### Work order
Reproduce only the stretch of entries below that begins at the first line and ends at the line holding "x v \<in> W)".

### Extracted information
————
definition lie_module :: "('k::field \<Rightarrow> 'g::ab_group_add \<Rightarrow> 'g) \<Rightarrow> ('g \<Rightarrow> 'g \<Rightarrow> 'g)
    \<Rightarrow> ('k \<Rightarrow> 'v::ab_group_add \<Rightarrow> 'v) \<Rightarrow> 'v set \<Rightarrow> ('g \<Rightarrow> 'v \<Rightarrow> 'v) \<Rightarrow> bool" where
  "lie_module sc br scv W act \<longleftrightarrow> vector_space scv \<and> module.subspace scv W
     \<and> (\<forall>x. \<forall>v\<in>W. act x v \<in> W)
     \<and> (\<forall>c x y. \<forall>v\<in>W. act (sc c x + y) v = scv c (act x v) + act y v)
     \<and> (\<forall>c x. \<forall>v\<in>W. \<forall>w\<in>W. act x (scv c v + w) = scv c (act x v) + act x w)
     \<and> (\<forall>x y. \<forall>v\<in>W. act (br x y) v = act x (act y v) - act y (act x v))"

(* Non-negative bounded dg g-module: V^q = V q (q :: nat, so V^i = 0 for i < 0),
   action act q on V^q, differential d q : V^q \<rightarrow> V^(q+1). *)
definition dg_module :: "('k::field \<Rightarrow> 'g::ab_group_add \<Rightarrow> 'g) \<Rightarrow> ('g \<Rightarrow> 'g \<Rightarrow> 'g)
    \<Rightarrow> ('k \<Rightarrow> 'v::ab_group_add \<Rightarrow> 'v) \<Rightarrow> (nat \<Rightarrow> 'v set) \<Rightarrow> (nat \<Rightarrow> 'g \<Rightarrow> 'v \<Rightarrow> 'v)
    \<Rightarrow> (nat \<Rightarrow> 'v \<Rightarrow> 'v) \<Rightarrow> bool" where
  "dg_module sc br scv V act d \<longleftrightarrow>
     (\<forall>q. lie_module sc br scv (V q) (act q))
     \<and> (\<forall>q. \<forall>v\<in>V q. d q v \<in> V (Suc q))
     \<and> (\<forall>q c. \<forall>v\<in>V q. \<forall>w\<in>V q. d q (scv c v + w) = scv c (d q v) + d q w)
     \<and> (\<forall>q. \<forall>v\<in>V q. d (Suc q) (d q v) = 0)
     \<and> (\<forall>q x. \<forall>v\<in>V q. d q (act q x v) = act (Suc q) x (d q v))
     \<and> (\<exists>N. \<forall>i>N. V i = {0})"

definition topdeg :: "(nat \<Rightarrow> 'v::zero set) \<Rightarrow> nat" where
  "topdeg V = (GREATEST i. V i \<noteq> {0})"

definition alt_map :: "('k::field \<Rightarrow> 'g::ab_group_add \<Rightarrow> 'g) \<Rightarrow> ('k \<Rightarrow> 'w::ab_group_add \<Rightarrow> 'w)
    \<Rightarrow> nat \<Rightarrow> ('g list \<Rightarrow> 'w) \<Rightarrow> bool" where
  "alt_map sc scw n f \<longleftrightarrow>
     (\<forall>xs i c y z. length xs = n \<longrightarrow> i < n \<longrightarrow>
         f (xs[i := sc c y + z]) = scw c (f (xs[i := y])) + f (xs[i := z]))
     \<and> (\<forall>xs i j. length xs = n \<longrightarrow> i < j \<longrightarrow> j < n \<longrightarrow> xs ! i = xs ! j \<longrightarrow> f xs = 0)"

(* Omega^p_g(W) = wedge^p g^\<or> \<otimes> W, modelled (g finite-dimensional) as alternating
   p-linear maps g^p \<rightarrow> W *)
definition cochains :: "('k::field \<Rightarrow> 'g::ab_group_add \<Rightarrow> 'g) \<Rightarrow> ('k \<Rightarrow> 'w::ab_group_add \<Rightarrow> 'w)
    \<Rightarrow> nat \<Rightarrow> 'w set \<Rightarrow> ('g list \<Rightarrow> 'w) set" where
  "cochains sc scw p W = {f. alt_map sc scw p f \<and> (\<forall>xs. length xs = p \<longrightarrow> f xs \<in> W)}"

definition ce_diff :: "('g \<Rightarrow> 'g \<Rightarrow> 'g) \<Rightarrow> ('g \<Rightarrow> 'w \<Rightarrow> 'w) \<Rightarrow> ('g list \<Rightarrow> 'w::ab_group_add)
    \<Rightarrow> 'g list \<Rightarrow> 'w" where
  "ce_diff br rho eta xs =
     (\<Sum>i<length xs. sgn_pow i (rho (xs ! i) (eta (del_nth i xs))))
     + (\<Sum>(i, j)\<in>{(i, j). i < j \<and> j < length xs}.
          sgn_pow (i + j) (eta (br (xs ! i) (xs ! j) # del_nth i (del_nth j xs))))"

definition lp_family :: "('k::field \<Rightarrow> 'g::ab_group_add \<Rightarrow> 'g) \<Rightarrow> ('k \<Rightarrow> 'v::ab_group_add \<Rightarrow> 'v)
    \<Rightarrow> (nat \<Rightarrow> 'v set) \<Rightarrow> nat \<Rightarrow> (nat \<Rightarrow> 'v \<Rightarrow> 'g list \<Rightarrow> 'g) \<Rightarrow> bool" where
  "lp_family sc scv V u alpha \<longleftrightarrow>
     (\<forall>k\<le>u. \<forall>xs c. length xs = k \<longrightarrow> (\<forall>v\<in>V k. \<forall>w\<in>V k.
         alpha k (scv c v + w) xs = sc c (alpha k v xs) + alpha k w xs))
     \<and> (\<forall>k\<le>u. \<forall>v\<in>V k. alt_map sc sc k (alpha k v))
     \<and> (\<forall>k>u. \<forall>v xs. alpha k v xs = 0)"

(* The induced map alpha : Omega^p_g(V^q) \<rightarrow> Omega^(p+q)_g(g),
   alpha(omega \<otimes> v) = omega \<and> alpha_q(v), written out via (p,q)-shuffles:
   a subset S of {0..<p+q} of size p, sign (-1)^(sum S - p(p-1)/2). *)
definition lp_ext :: "(nat \<Rightarrow> 'v \<Rightarrow> 'g list \<Rightarrow> 'g::ab_group_add) \<Rightarrow> nat \<Rightarrow> nat
    \<Rightarrow> ('g list \<Rightarrow> 'v) \<Rightarrow> 'g list \<Rightarrow> 'g" where
  "lp_ext alpha p q eta xs =
     (\<Sum>S\<in>{S. S \<subseteq> {..<p + q} \<and> card S = p}.
        sgn_pow (\<Sum>S + p * (p - 1) div 2)
          (alpha q (eta (nths xs S)) (nths xs ({..<p + q} - S))))"

(* (V, alpha) is a dg Loday-Pirashvili module: alpha \<circ> d_tot = d_CE \<circ> alpha on each
   homogeneous component Omega^p_g(V^q), where d_tot = d_CE^V + (-1)^p d^V *)
definition dg_LP_module :: "('k::field \<Rightarrow> 'g::ab_group_add \<Rightarrow> 'g) \<Rightarrow> ('g \<Rightarrow> 'g \<Rightarrow> 'g)
    \<Rightarrow> ('k \<Rightarrow> 'v::ab_group_add \<Rightarrow> 'v) \<Rightarrow> (nat \<Rightarrow> 'v set) \<Rightarrow> (nat \<Rightarrow> 'g \<Rightarrow> 'v \<Rightarrow> 'v)
    \<Rightarrow> (nat \<Rightarrow> 'v \<Rightarrow> 'v) \<Rightarrow> (nat \<Rightarrow> 'v \<Rightarrow> 'g list \<Rightarrow> 'g) \<Rightarrow> bool" where
  "dg_LP_module sc br scv V act d alpha \<longleftrightarrow> dg_module sc br scv V act d \<and>
     (\<forall>p q. \<forall>eta\<in>cochains sc scv p (V q). \<forall>xs. length xs = p + q + 1 \<longrightarrow>
        lp_ext alpha (Suc p) q (ce_diff br (act q) eta) xs
          + sgn_pow p (lp_ext alpha p (Suc q) (\<lambda>ys. d q (eta ys)) xs)
        = ce_diff br br (lp_ext alpha p q eta) xs)"

end

theory Submission
  imports Defs
begin

(*
  On Omega^p(V^q) the map alpha is a shuffle sum of alpha_q: on arguments x_1, ..., x_(p+q) it is
  the signed sum, over all p-element sets S of positions, of alpha_q(eta(x_S) | x_(not S)).
  Expanding d_CE of such a shuffle sum and regrouping the terms according to where the one or two
  distinguished arguments sit relative to the shuffle gives a Leibniz rule

    d_CE (alpha eta) = alpha (d_CE eta) + (-1)^p alpha' eta,

  where alpha' is the shuffle sum of the defect Psi_q(v) = d_CE(alpha_q v) - alpha_q(_ |> v).
  So alpha intertwines d_tot and d_CE iff the shuffle sums of alpha_(q+1) o d and of Psi_q agree
  on every cochain. On 0-cochains a shuffle sum is plain evaluation, hence this is the identity
  alpha_(q+1)(d v) = Psi_q(v) in every degree q; above u both sides vanish.
*)

section \<open>Positions, subsets and sublists\<close>

definition rank_in :: "nat set \<Rightarrow> nat \<Rightarrow> nat" where
  "rank_in A i = card {k\<in>A. k < i}"

definition ksubsets :: "'a set \<Rightarrow> nat \<Rightarrow> 'a set set" where
  "ksubsets A p = {S. S \<subseteq> A \<and> card S = p}"

definition ordered_pairs :: "'a::linorder set \<Rightarrow> ('a \<times> 'a) set" where
  "ordered_pairs A = {(i, j). i \<in> A \<and> j \<in> A \<and> i < j}"

lemma finite_ksubsets [simp]: "finite A \<Longrightarrow> finite (ksubsets A p)"
  unfolding ksubsets_def by (rule finite_subset[of _ "Pow A"]) auto

lemma finite_if_in_ksubsets: "finite A \<Longrightarrow> S \<in> ksubsets A p \<Longrightarrow> finite S"
  unfolding ksubsets_def using finite_subset by blast

lemma finite_ordered_pairs [simp]: "finite A \<Longrightarrow> finite (ordered_pairs A)"
  by (rule finite_subset[of _ "A \<times> A"]) (auto simp: ordered_pairs_def)

lemma ordered_pairs_lessThan: "ordered_pairs {..<n} = {(i, j). i < j \<and> j < n}"
  by (auto simp: ordered_pairs_def)

lemma ksubsets_0: "finite A \<Longrightarrow> ksubsets A 0 = {{}}"
  by (auto simp: ksubsets_def) (metis card_0_eq empty_iff finite_subset)

lemma rank_in_less_card: "finite A \<Longrightarrow> a \<in> A \<Longrightarrow> rank_in A a < card A"
  unfolding rank_in_def by (rule psubset_card_mono) auto

lemma rank_in_strict_mono: "finite A \<Longrightarrow> a \<in> A \<Longrightarrow> a < b \<Longrightarrow> rank_in A a < rank_in A b"
  unfolding rank_in_def by (rule psubset_card_mono) auto

lemma rank_in_less_iff:
  "finite A \<Longrightarrow> a \<in> A \<Longrightarrow> b \<in> A \<Longrightarrow> rank_in A a < rank_in A b \<longleftrightarrow> a < b"
  by (metis linorder_neqE_nat not_less_iff_gr_or_eq rank_in_strict_mono)

lemma rank_in_eq_iff:
  "finite A \<Longrightarrow> a \<in> A \<Longrightarrow> b \<in> A \<Longrightarrow> rank_in A a = rank_in A b \<longleftrightarrow> a = b"
  by (metis linorder_neqE_nat nat_less_le rank_in_strict_mono)

lemma inj_on_rank_in: "finite A \<Longrightarrow> inj_on (rank_in A) A"
  by (simp add: inj_on_def rank_in_eq_iff)

lemma bij_betw_rank_in: "finite A \<Longrightarrow> bij_betw (rank_in A) A {..<card A}"
proof -
  assume fin: "finite A"
  have "rank_in A ` A \<subseteq> {..<card A}" using rank_in_less_card fin by auto
  moreover have "card (rank_in A ` A) = card {..<card A}"
    using card_image[OF inj_on_rank_in[OF fin]] by simp
  ultimately have "rank_in A ` A = {..<card A}"
    by (simp add: card_subset_eq)
  then show ?thesis using inj_on_rank_in[OF fin] by (simp add: bij_betw_def)
qed

lemma rank_in_insert_self: "i \<notin> S \<Longrightarrow> rank_in (insert i S) i = card {x\<in>S. x < i}"
  unfolding rank_in_def by (rule arg_cong[where f=card]) auto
————
### Exercise answer
definition lie_module :: "('k::field \<Rightarrow> 'g::ab_group_add \<Rightarrow> 'g) \<Rightarrow> ('g \<Rightarrow> 'g \<Rightarrow> 'g)
    \<Rightarrow> ('k \<Rightarrow> 'v::ab_group_add \<Rightarrow> 'v) \<Rightarrow> 'v set \<Rightarrow> ('g \<Rightarrow> 'v \<Rightarrow> 'v) \<Rightarrow> bool" where
  "lie_module sc br scv W act \<longleftrightarrow> vector_space scv \<and> module.subspace scv W
     \<and> (\<forall>x. \<forall>v\<in>W. act x v \<in> W)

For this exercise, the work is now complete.